I than see this gorgeous girl. Hillary. I see that an acquaintance of mine was taking her group's photo and trying to work himself in but the girls were showing a little resistance. He than brings me over to introduce them. I tell them they need to spread out because all the shy guys here are having a hard time approaching them. I than say hi to Hillary. She introduces herself and we got to instantly comfort building. I moved her around the bar hand in hand. She wanted my phone number and wanted to hang out again already. She buys me a shot. She even says no to her girlfriends inviting her to party somewhere else so she can stick around the bar. I was too damn shocked to see it so damn fast we were escalating without me doing hardly anything and i was so damn attracted to her. You know that feeling when you see someone for the first time and your stomach just drops. It's psychological. I than see my female friend Mel and I get pulled away from Hillary for a second.

Mel is a fucking 10 if not more. She looks like Kate Beckinsale and is friendly as fuck. I"m so damn attracted to her and I'm photographing her this week. I made up my mind I'm going in when I see her, at least 1st base.

I was so surprised to see Mel there, I talked to her for a bit and went back to Hillary. She really wanted me to hang out with her. I can just sense that. Her starting conversations. Her complying to my touches. It was on. It was damn crowded in there. A guy friend of hers started talking to her and at the same time, the married girl started talking to me. So we got separated and I see Hillary walking away with the other guy. She gives me that look like she'll be back. I go to Mel and hang with her and the guy she's with and the guy tells her he thinks I'm really cool. Points for me. Mel tells me that she's single now. Fuck yes! I forget the time and try to find Hillary but she's gone. I was so damn disappointed that I didn't get her number when she suggested us exchanging our number.

I go home and since she told me alot about herself I was able to find her phone number online. I know this was the wrong thing to do but it was love at first sight. Big freaken mistake. I text her the next day and she even responded back saying it was nice to meet me but I can sense that weird barrier from her. I can't blame her. I found her number online. That's creepy. It's a no no. I than asked her to have dinner with me and she shoots a nasty text saying she's got a man and that it's not appropriate. My heart just fell to the floor and man, is it shocking. It's a great way to move on though. Clean and to the point.

All girls will say they got a man if they're not interested. Girls that have boyfriends will usually try to hide it from you as long as they can if they are interested in you.

Lesson learned. Hey, at least I got hottest girl I can find in the bar to buy me a drink and walk around with me holding hands. That's badass in it's own. Than again this is good for me. I am not ready to settle down since I have too much going on and can't handle a relationship. I would've settled with this girl and fuck up my financial goals and personal responsibility. This is a good thing that happened in my opinion. I should never date that one girl who has a spell over you and that can make you start a war for her love. Hillary was that one and I was lucky enough to have lost it this way. A great experience for me. It is so damn rare to find that girl that flips your heart like that. I would've been so damn pussy whooped.

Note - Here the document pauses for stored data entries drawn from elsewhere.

(* Let $X\sim\mathbb{P}$ be a random element of a sample space $\mathcal{X}$, let $G$ be a compact topological group acting on $\mathcal{X}$ (written $(g,x)\mapsto gx$), and let $\mathbb{Q}$ be the Haar probability measure on $G$. Assume exact invariance: for $\mathbb{Q}$-almost all $g\in G$, $gX$ has the same distribution as $X$. Let $f:\mathcal{X}\to\mathbb{R}^k$ be a function such that the map $(x,g)\mapsto f(gx)$ belongs to $L^2(\mathbb{P}\times\mathbb{Q})$, and define the orbit average $\bar f(x):=\mathbb{E}_{g\sim\mathbb{Q}} f(gx)$. Then: 1. For any $x$, $\bar f(x)=\mathbb{E}[f(X)\mid X\in Gx]$, where $Gx=\{gx:g\in G\}$ is the orbit of $x$; i.e., $\bar f$ is the conditional expectation of $f(X)$ given the orbit of $X$. 2. $\mathbb{E}_{X\sim\mathbb{P}} f(X)=\mathbb{E}_{X\sim\mathbb{P}}\bar f(X)$. 3. $\mathrm{Cov}_{X\sim\mathbb{P}} f(X)=\mathrm{Cov}_{X\sim\mathbb{P}}\bar f(X)+\mathbb{E}_{X\sim\mathbb{P}}\mathrm{Cov}_{g\sim\mathbb{Q}} f(gX)$. 4. For any real-valued convex function $\varphi$ on $\mathbb{R}^k$, $\mathbb{E}_{X\sim\mathbb{P}}[\varphi(f(X))]\ge \mathbb{E}_{X\sim\mathbb{P}}[\varphi(\bar f(X))]$.
   Context: A group action satisfies $ex=x$ for the identity $e$ and $(gh)x=g(hx)$. The Haar probability measure $\mathbb{Q}$ is translation invariant: $\mathbb{Q}(gS)=\mathbb{Q}(Sg)=\mathbb{Q}(S)$ for all $g\in G$ and measurable $S\subseteq G$. $\mathrm{Cov}_{g\sim\mathbb{Q}} f(gX)$ denotes the covariance matrix of $f(gX)$ over $g\sim\mathbb{Q}$ with $X$ held fixed. *)

theory Defs
  imports "HOL-Probability.Probability" "HOL-Algebra.Group_Action" "HOL-Algebra.Coset"
begin

definition compact_topological_group :: "('g, 'b) monoid_scheme \<Rightarrow> 'g topology \<Rightarrow> bool" where
  "compact_topological_group G T \<longleftrightarrow>
     group G \<and> topspace T = carrier G \<and>
     continuous_map (prod_topology T T) T (\<lambda>(a, b). a \<otimes>\<^bsub>G\<^esub> b) \<and>
     continuous_map T T (\<lambda>a. inv\<^bsub>G\<^esub> a) \<and>
     compact_space T"

definition haar_probability :: "('g, 'b) monoid_scheme \<Rightarrow> 'g topology \<Rightarrow> 'g measure \<Rightarrow> bool" where
  "haar_probability G T Q \<longleftrightarrow>
     prob_space Q \<and>
     sets Q = sigma_sets (topspace T) {U. openin T U} \<and>
     space Q = topspace T \<and>
     (\<forall>g \<in> carrier G. \<forall>S \<in> sets Q.
        measure Q (g <#\<^bsub>G\<^esub> S) = measure Q S \<and> measure Q (S #>\<^bsub>G\<^esub> g) = measure Q S)"

definition orbit_avg :: "'g measure \<Rightarrow> ('g \<Rightarrow> 'x \<Rightarrow> 'x) \<Rightarrow> ('x \<Rightarrow> real^'k) \<Rightarrow> 'x \<Rightarrow> real^'k" where
  "orbit_avg Q act f x = (LINT g|Q. f (act g x))"

definition orbit_sigma :: "'x measure \<Rightarrow> ('g, 'b) monoid_scheme \<Rightarrow> ('g \<Rightarrow> 'x \<Rightarrow> 'x) \<Rightarrow> 'x measure" where
  "orbit_sigma P G act =
     sigma (space P) {A \<in> sets P. \<forall>x \<in> A. orbit G act x \<subseteq> A}"

definition cov_mat :: "'a measure \<Rightarrow> ('a \<Rightarrow> real^'k) \<Rightarrow> real^'k^'k" where
  "cov_mat M h = (\<chi> i j. LINT x|M. (h x $ i - (LINT y|M. h y $ i)) * (h x $ j - (LINT y|M. h y $ j)))"

end

theory Submission
  imports Defs
begin

(* Since gX has the law of X for Q-almost every g, Fubini on P x Q turns the integral of any
   h(gX) over (X, g) into the integral of h(X); in particular E fbar(X) = E f(X). Right
   invariance of the Haar measure makes fbar constant on orbits, hence measurable for the orbit
   sigma-algebra, and for an orbit-closed set A the same transfer gives
   E[1_A f(X)] = E[1_A(gX) f(gX)] = E[1_A fbar(X)], so fbar is the conditional expectation.
   The covariance identity is the law of total covariance for the pair (X, g), computed
   entrywise, and the last statement is Jensen's inequality for the inner integral over g, with
   an affine minorant of phi giving the integrability of phi o fbar. *)

lemma convex_strict_epigraph:
  assumes "convex_on UNIV \<phi>"
  shows "convex {z. \<phi> (fst z) < snd z}"
proof (rule convexI)
  fix x y :: "'a \<times> real" and u v :: real
  assume x: "x \<in> {z. \<phi> (fst z) < snd z}" and y: "y \<in> {z. \<phi> (fst z) < snd z}"
    and uv: "0 \<le> u" "0 \<le> v" "u + v = 1"
  have "\<phi> (u *\<^sub>R fst x + v *\<^sub>R fst y) \<le> u * \<phi> (fst x) + v * \<phi> (fst y)"
    using assms uv unfolding convex_on_def by blast
  also have "\<dots> < u * snd x + v * snd y"
  proof (cases "u = 0")
    case True
    then show ?thesis using y uv by simp
  next
    case False
    then have "u * \<phi> (fst x) < u * snd x" using x uv by simp
    moreover have "v * \<phi> (fst y) \<le> v * snd y" using y uv by (simp add: mult_left_mono)
    ultimately show ?thesis by linarith
  qed
  finally show "u *\<^sub>R x + v *\<^sub>R y \<in> {z. \<phi> (fst z) < snd z}" by simp
qed

lemma convex_on_subgradient:
  fixes \<phi> :: "'a::euclidean_space \<Rightarrow> real"
  assumes "convex_on UNIV \<phi>"
  obtains a where "\<And>y. \<phi> c + inner a (y - c) \<le> \<phi> y"
proof -
  have "\<exists>d b. d \<noteq> 0 \<and> (\<forall>z\<in>{(c, \<phi> c)}. inner d z \<le> b)
      \<and> (\<forall>z\<in>{z. \<phi> (fst z) < snd z}. b \<le> inner d z)"
  proof (rule separating_hyperplane_sets)
    have "(c, \<phi> c + 1) \<in> {z. \<phi> (fst z) < snd z}" by simp
    then show "{z. \<phi> (fst z) < snd z} \<noteq> {}" by blast
  qed (use convex_strict_epigraph[OF assms] in auto)
  then obtain d :: "'a \<times> real" and b where "d \<noteq> 0" and "inner d (c, \<phi> c) \<le> b"
    and sep: "\<And>z. \<phi> (fst z) < snd z \<Longrightarrow> b \<le> inner d z"
    by auto
  obtain a s where d: "d = (a, s)" by fastforce
  have below: "inner a c + s * \<phi> c \<le> inner a y + s * t" if "\<phi> y < t" for y t
    using \<open>inner d (c, \<phi> c) \<le> b\<close> sep[of "(y, t)"] that by (simp add: d inner_Pair)
  \<comment> \<open>The hyperplane is not vertical, since the strict epigraph lies over every point.\<close>
  have "s > 0"
  proof (rule ccontr)
    assume "\<not> s > 0"
    moreover have "s \<ge> 0" using below[of c "\<phi> c + 1"] by (simp add: algebra_simps)
    ultimately have "s = 0" by simp
    then have "inner a a \<le> 0" using below[of "c - a" "\<phi> (c - a) + 1"] by (simp add: inner_diff_right)
    then have "a = 0" by (metis inner_eq_zero_iff inner_ge_zero order_antisym)
    then show False using \<open>d \<noteq> 0\<close> \<open>s = 0\<close> by (simp add: d zero_prod_def)
  qed
  have "\<phi> c + inner (- (1 / s) *\<^sub>R a) (y - c) \<le> \<phi> y" for y
  proof -
    have "s * \<phi> c \<le> inner a (y - c) + s * \<phi> y"
    proof (rule field_le_epsilon)
      fix e :: real assume "e > 0"
      then show "s * \<phi> c \<le> inner a (y - c) + s * \<phi> y + e"
        using below[of y "\<phi> y + e / s"] \<open>s > 0\<close> by (simp add: inner_diff_right algebra_simps)
    qed
    then show ?thesis using \<open>s > 0\<close> by (simp add: field_simps inner_diff_right)
  qed
  then show ?thesis by (rule that)
qed

lemma convex_on_norm_power2: "convex_on UNIV (\<lambda>y::'a::real_normed_vector. (norm y)\<^sup>2)"
  unfolding convex_on_def
proof (intro conjI convex_UNIV ballI allI impI)
  fix x y :: 'a and u v :: real
  assume uv: "0 \<le> u" "0 \<le> v" "u + v = 1"
  have "norm (u *\<^sub>R x + v *\<^sub>R y) \<le> u * norm x + v * norm y"
    using norm_triangle_ineq[of "u *\<^sub>R x" "v *\<^sub>R y"] uv by simp
  then have "(norm (u *\<^sub>R x + v *\<^sub>R y))\<^sup>2 \<le> (u * norm x + v * norm y)\<^sup>2"
    by (simp add: power_mono)
  also have "\<dots> \<le> u * (norm x)\<^sup>2 + v * (norm y)\<^sup>2"
    using convex_power2 uv unfolding convex_on_def by auto
  finally show "(norm (u *\<^sub>R x + v *\<^sub>R y))\<^sup>2 \<le> u * (norm x)\<^sup>2 + v * (norm y)\<^sup>2" .
qed

lemma (in prob_space) jensens_inequality_euclidean:
  fixes \<phi> :: "'b::euclidean_space \<Rightarrow> real"
  assumes "convex_on UNIV \<phi>" and "integrable M h" and "integrable M (\<lambda>x. \<phi> (h x))"
  shows "\<phi> (\<integral>x. h x \<partial>M) \<le> (\<integral>x. \<phi> (h x) \<partial>M)"
proof -
  define c where "c = (\<integral>x. h x \<partial>M)"
  obtain a where a: "\<And>y. \<phi> c + inner a (y - c) \<le> \<phi> y"
    using convex_on_subgradient[OF assms(1)] by blast
  have "(\<integral>x. \<phi> c + inner a (h x - c) \<partial>M) \<le> (\<integral>x. \<phi> (h x) \<partial>M)"
    using a assms(2,3) by (intro integral_mono) (auto simp: inner_diff_right)
  moreover have "(\<integral>x. \<phi> c + inner a (h x - c) \<partial>M) = \<phi> c"
    using assms(2) by (simp add: c_def inner_diff_right prob_space)
  ultimately show ?thesis by (simp add: c_def)
qed

lemma borel_measurable_vec_nth[measurable (raw)]:
  fixes F :: "'a \<Rightarrow> real^'n"
  shows "F \<in> borel_measurable M \<Longrightarrow> (\<lambda>x. F x $ i) \<in> borel_measurable M"
  using measurable_compose[OF _ borel_measurable_nth] .

lemma abs_vec_nth_mult_le_norm_power2:
  fixes v :: "real^'n"
  shows "\<bar>v $ i * v $ j\<bar> \<le> (norm v)\<^sup>2"
  unfolding abs_mult power2_eq_square
  by (intro mult_mono component_le_norm_cart) auto

lemma (in finite_measure) square_integrable_imp_integrable_norm:
  fixes h :: "'a \<Rightarrow> 'b::{banach, second_countable_topology}"
  assumes [measurable]: "h \<in> borel_measurable M" and "integrable M (\<lambda>x. (norm (h x))\<^sup>2)"
  shows "integrable M h"
  using square_integrable_imp_integrable[of "\<lambda>x. norm (h x)"] assms
  by (simp add: integrable_norm_iff)

lemma square_integrable_imp_integrable_nth_mult:
  fixes h :: "'a \<Rightarrow> real^'n"
  assumes "h \<in> borel_measurable M" and "integrable M (\<lambda>x. (norm (h x))\<^sup>2)"
  shows "integrable M (\<lambda>x. h x $ i * h x $ j)"
  using assms(2) by (rule Bochner_Integration.integrable_bound)
    (use assms(1) abs_vec_nth_mult_le_norm_power2 in \<open>auto intro: order_trans[OF _ abs_ge_self]\<close>)

lemma bounded_linear_axis: "bounded_linear (axis i :: 'a::real_normed_vector \<Rightarrow> 'a^'n)"
proof (rule bounded_linear_intro[where K = 1])
  fix x y :: 'a and r :: real
  show "axis i (x + y) = axis i x + axis i y" "axis i (r *\<^sub>R x) = r *\<^sub>R axis i x"
    by (simp_all add: axis_def vec_eq_iff)
  have "norm (axis i x :: 'a^'n) \<le> (\<Sum>j\<in>UNIV. norm (axis i x $ j))"
    unfolding norm_vec_def by (rule L2_set_le_sum) simp
  also have "\<dots> = norm x"
    by (simp add: axis_def if_distrib cong: if_cong)
  finally show "norm (axis i x :: 'a^'n) \<le> norm x * 1" by simp
qed

lemma integrable_vec_componentwise:
  fixes F :: "'a \<Rightarrow> 'b::euclidean_space^'n"
  assumes "\<And>i. integrable M (\<lambda>x. F x $ i)"
  shows "integrable M F"
proof -
  have "integrable M (\<lambda>x. \<Sum>i\<in>UNIV. axis i (F x $ i))"
  proof (rule Bochner_Integration.integrable_sum)
    fix i
    show "integrable M (\<lambda>x. axis i (F x $ i))"
      using integrable_bounded_linear[OF bounded_linear_axis assms, of i i] .
  qed
  moreover have "(\<Sum>i\<in>UNIV. axis i (v $ i)) = v" for v :: "'b^'n"
    by (simp add: vec_eq_iff axis_def sum_component if_distrib cong: if_cong)
  ultimately show ?thesis by simp
qed

lemma
  fixes F :: "'a \<Rightarrow> 'b::euclidean_space^'n"
  assumes "integrable M F"
  shows integrable_vec_nth: "integrable M (\<lambda>x. F x $ i)"
    and integral_vec_nth: "(\<integral>x. F x $ i \<partial>M) = (\<integral>x. F x \<partial>M) $ i"
  using integrable_bounded_linear[OF bounded_linear_vec_nth assms]
    integral_bounded_linear[OF bounded_linear_vec_nth assms] by auto

lemma integrable_between_AE:
  fixes h :: "'a \<Rightarrow> real"
  assumes "integrable M l" "integrable M u" "h \<in> borel_measurable M"
    and "AE x in M. l x \<le> h x \<and> h x \<le> u x"
  shows "integrable M h"
proof (rule Bochner_Integration.integrable_bound)
  show "integrable M (\<lambda>x. \<bar>l x\<bar> + \<bar>u x\<bar>)" using assms(1,2) by simp
  show "AE x in M. norm (h x) \<le> norm (\<bar>l x\<bar> + \<bar>u x\<bar>)"
    using assms(4) by eventually_elim auto
qed (use assms(3) in simp)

Sunday comes around and I have a date with Tam. 6 feet blond girl. The date was very pleasant. Had sushi and soju, went to get a beer at a local bar than hung out at my place smoking bud and laughing our asses off and building heavy comfort. I like Mel. She's a very sweet and fragile girl and I love how much taller she is. Sexy and very independent and strong mind. Not to mention her body fucking rocks. I told her that I wasn't going to kiss her because I want to build our friendship before anything happens since we met at a bar and that sounds tacky. I took her back to her home at 10 pm and now I feel like we have bonded in another level. I'm going to take her out again and this time I'm going to ravage her but we'll see how it comes out.